South African journalist

David E. Fanning (born 25 May 1946) is a South African American journalist and filmmaker. He was the executive producer of the investigative documentary series Frontline since its first season in 1983 to his retirement in 2015. He has won eight Emmy Awards and in 2013 received a Lifetime Achievement Emmy in honor of his work.

==Career==
He began his filmmaking career as a young journalist in South Africa. His first films, Amabandla AmaAfrika, directed alongside BBC Journalist, Francois Marais (1970) and The Church and Apartheid (1972), produced for BBC-TV, dealt with race and religion in his troubled homeland. He came to the U.S. in 1973 and began producing and directing local and national documentaries for KOCE, a public television station in California. His film 'Deep South, Deep North' (1973) was a PBS/BBC co-production and the first in a long succession of collaborations between U.S. and European television, especially the British. In 1977, Fanning came to WGBH Boston to start the international documentary series WORLD. As executive producer, he produced and presented over 50 films for PBS in five years. With director Antony Thomas, Fanning produced and co-wrote Death of a Princess (1980). Then in 1982, again with Thomas, he produced Frank Terpil: Confessions of a Dangerous Man, which won the Emmy Award for best investigative documentary.

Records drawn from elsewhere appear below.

(* Let $A\in M_n(\mathbb{Z})$ be invertible such that $x\mapsto A^{-1}x$ is a similarity with respect to Euclidean distance, and let $D\subset\mathbb{Z}^n$ be a subset of a complete residue system mod $A$. Let $\alpha\in T_{A,D-D}$ have a unique $(A,D-D)$-representation $(\alpha_j)_{j\ge1}$, and suppose there exist a positive integer $p$, finite sets $U_1,\dots,U_p,V_1,\dots,V_p\subset\mathbb{R}^n$ and $(\beta_j)_{j\ge1}\in D^{\mathbb{N}}$ with $(D\cap(D+\alpha_j))-\beta_j=U_j$ for $1\le j\le p$ and $(D\cap(D+\alpha_j))-\beta_j=U_\ell+V_\ell$ for $j>p$, $j\equiv\ell \pmod p$, $\ell\in\{1,\dots,p\}$. Consider the IFS consisting precisely of the (distinct) maps $$f(x)=A^{-p}\Big(x+\sum_{\ell=1}^p\big(A^{p-\ell}u_\ell+A^{-\ell}v_\ell\big)\Big),\qquad u_\ell\in U_\ell,\ v_\ell\in V_\ell\ (\ell=1,\dots,p).$$ If this IFS satisfies the open set condition, then it satisfies the strong separation condition.
   Context: A similarity means a map $f$ with $\|f(x)-f(y)\|=c\|x-y\|$ for some $c\in(0,1)$ and all $x,y$. For finite $E\subset\mathbb{R}^n$, $\pi_{A,E}((e_j)_{j\ge1})=\sum_{j\ge1}A^{-j}e_j$, $T_{A,E}=\pi_{A,E}(E^{\mathbb{N}})$, and an $(A,E)$-representation of $x$ is a sequence $(e_j)\in E^{\mathbb{N}}$ with $\pi_{A,E}((e_j))=x$. $D+t=\{d+t:d\in D\}$, $U+V=\{u+v\}$ (Minkowski sum). A complete residue system mod $A$ is a set $\mathcal{D}\subset\mathbb{Z}^n$ mapping bijectively onto $\mathbb{Z}^n/A\mathbb{Z}^n$. An IFS $\{f_i\}_{i=1}^N$ with attractor $K$ satisfies the open set condition if there is a nonempty bounded open set $V$ with $\bigcup_i f_i(V)\subset V$ and the $f_i(V)$ pairwise disjoint; it satisfies the strong separation condition if the sets $f_i(K)$ are pairwise disjoint. *)

theory Defs
  imports "HOL-Analysis.Analysis"
begin

definition lattice :: "(real^'n) set" where
  "lattice = {x. \<forall>i. x $ i \<in> \<int>}"

definition int_matrix :: "real^'n^'n \<Rightarrow> bool" where
  "int_matrix A \<longleftrightarrow> (\<forall>i j. A $ i $ j \<in> \<int>)"
(* Let $T\subseteq\mathfrak{S}_n$ be invariant under the modified Foata–Strehl action. Then $\Psi'$ restricts to a bijection $T\to T$, and $\operatorname{veh}(\pi)=\operatorname{des}(\Psi'(\pi))$ for all $\pi\in T$.
   Context: Permutations $\pi\in\mathfrak{S}_n$ are words $a_1\cdots a_n$; $\operatorname{des}(\pi)=|\{i\in[n-1]:a_i>a_{i+1}\}|$. Set $a_0=a_{n+1}=n+1$; a letter $a_k$ is a valley if $a_{k-1}>a_k<a_{k+1}$, a peak if $a_{k-1}<a_k>a_{k+1}$, a double ascent if $a_{k-1}<a_k<a_{k+1}$, a double descent if $a_{k-1}>a_k>a_{k+1}$. For $x\in[n]$: if $x$ is a double descent, $\varphi'_x(\pi)$ moves $x$ to between the first pair of consecutive letters $a_i,a_{i+1}$ to the right of $x$ with $a_i<x<a_{i+1}$; if a double ascent, to between the first pair to the left with $a_i>x>a_{i+1}$; if a peak or valley, $\varphi'_x(\pi)=\pi$. The modified Foata–Strehl action is the $\mathbb{Z}_2^n$-action generated by these commuting involutions; $T$ is invariant if $\varphi'_x(T)\subseteq T$ for all $x$. The decreasing binary tree of a word $w$: empty if $w$ empty; otherwise $w=LmR$ with $m$ the greatest letter, root $m$, left subtree the tree of $L$, right subtree the tree of $R$. $r_\pi(x)$ is the number of right edges on the root-to-$x$ path in the tree of $\pi$, $\operatorname{Odd}(\pi)=\{x:r_\pi(x)\text{ odd}\}$, and $\Psi'(\pi)=\prod_{x\in\operatorname{Odd}(\pi)}\varphi'_x(\pi)$. The unordered decreasing tree $T(w;\infty)$ ($\infty$ a symbol larger than all letters): if $w$ is empty it is a single vertex $\infty$; otherwise write $w=m_1w_1m_2w_2\cdots m_kw_k$ with $m_1,\dots,m_k$ the left-to-right maxima of $w$, and $T(w;\infty)$ has root $\infty$ with subtrees $T(w_i;m_i)$ (defined in the same way with root labeled $m_i$). $\operatorname{veh}(\pi)$ is the number of non-root vertices of even height (root at height $0$) in $T(\pi;\infty)$. *)

theory Defs
  imports Main "HOL-Library.Tree"
begin

text \<open>Permutations of [n] as words a_1 ... a_n (lists, 0-indexed internally).\<close>
definition perms :: "nat \<Rightarrow> nat list set" where
  "perms n = {w. distinct w \<and> set w = {1..n}}"

definition des :: "nat list \<Rightarrow> nat" where
  "des w = card {i. Suc i < length w \<and> w ! i > w ! Suc i}"

text \<open>Neighbours in the extended word a_0 = a_{n+1} = n+1 (n = length w),
  for the letter at 0-based position k of w.\<close>
definition lnb :: "nat list \<Rightarrow> nat \<Rightarrow> nat" where
  "lnb w k = (if k = 0 then Suc (length w) else w ! (k - 1))"

definition rnb :: "nat list \<Rightarrow> nat \<Rightarrow> nat" where
  "rnb w k = (if Suc k = length w then Suc (length w) else w ! Suc k)"

definition pos :: "nat list \<Rightarrow> nat \<Rightarrow> nat" where
  "pos w x = (LEAST k. k < length w \<and> w ! k = x)"

definition is_ddes :: "nat list \<Rightarrow> nat \<Rightarrow> bool" where
  "is_ddes w x = (x \<in> set w \<and> lnb w (pos w x) > x \<and> x > rnb w (pos w x))"

definition is_dasc :: "nat list \<Rightarrow> nat \<Rightarrow> bool" where
  "is_dasc w x = (x \<in> set w \<and> lnb w (pos w x) < x \<and> x < rnb w (pos w x))"

definition move_to :: "nat list \<Rightarrow> nat \<Rightarrow> nat \<Rightarrow> nat \<Rightarrow> nat list" where
  "move_to w k j x = (let u = take k w @ drop (Suc k) w in take j u @ [x] @ drop j u)"

definition phi :: "nat \<Rightarrow> nat list \<Rightarrow> nat list" where
  "phi x w =
    (if is_ddes w x then
       (let k = pos w x;
            j = (LEAST j. k < j \<and> j < length w \<and> w ! j < x \<and> x < rnb w j)
        in move_to w k j x)
     else if is_dasc w x then
       (let k = pos w x;
            j = (GREATEST j. j < k \<and> w ! j < x \<and> x < lnb w j)
        in move_to w k j x)
     else w)"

In 1982, Fanning began the development of Frontline. The series has had over 200 producers and as many journalists, covering a wide range of domestic and foreign stories.

In 2015, Fanning retired as executive producer of Frontline after 33 seasons. He's now at large and the current executive producer is Raney Aronson-Rath.

==Awards and honors==
In 2004, Fanning received the Columbia Journalism Award, the highest honor awarded by the faculty of the Columbia University Graduate School of Journalism, recognizing "Singular journalistic performance in the public interest... David Fanning and his signature program, Frontline, have turned a commitment to probing journalism and public service into an enduring national conversation, without which far too many important issues would remain veiled or hidden altogether." In 2010, Fanning was honored by the Corporation for Public Broadcasting with the Ralph Lowell Award, public television's most prestigious award, recognizing "outstanding contributions" to the field. That same year Fanning was also honored with the Goldsmith Career Award for Excellence in Journalism by the Shorenstein Center at the Harvard Kennedy School.

In 2013, on Frontlines 30th anniversary, Fanning received a Lifetime Achievement Emmy Award.

In 2022, he received a Peabody Award for his work as an executive producer for the documentary The Power of Big Oil.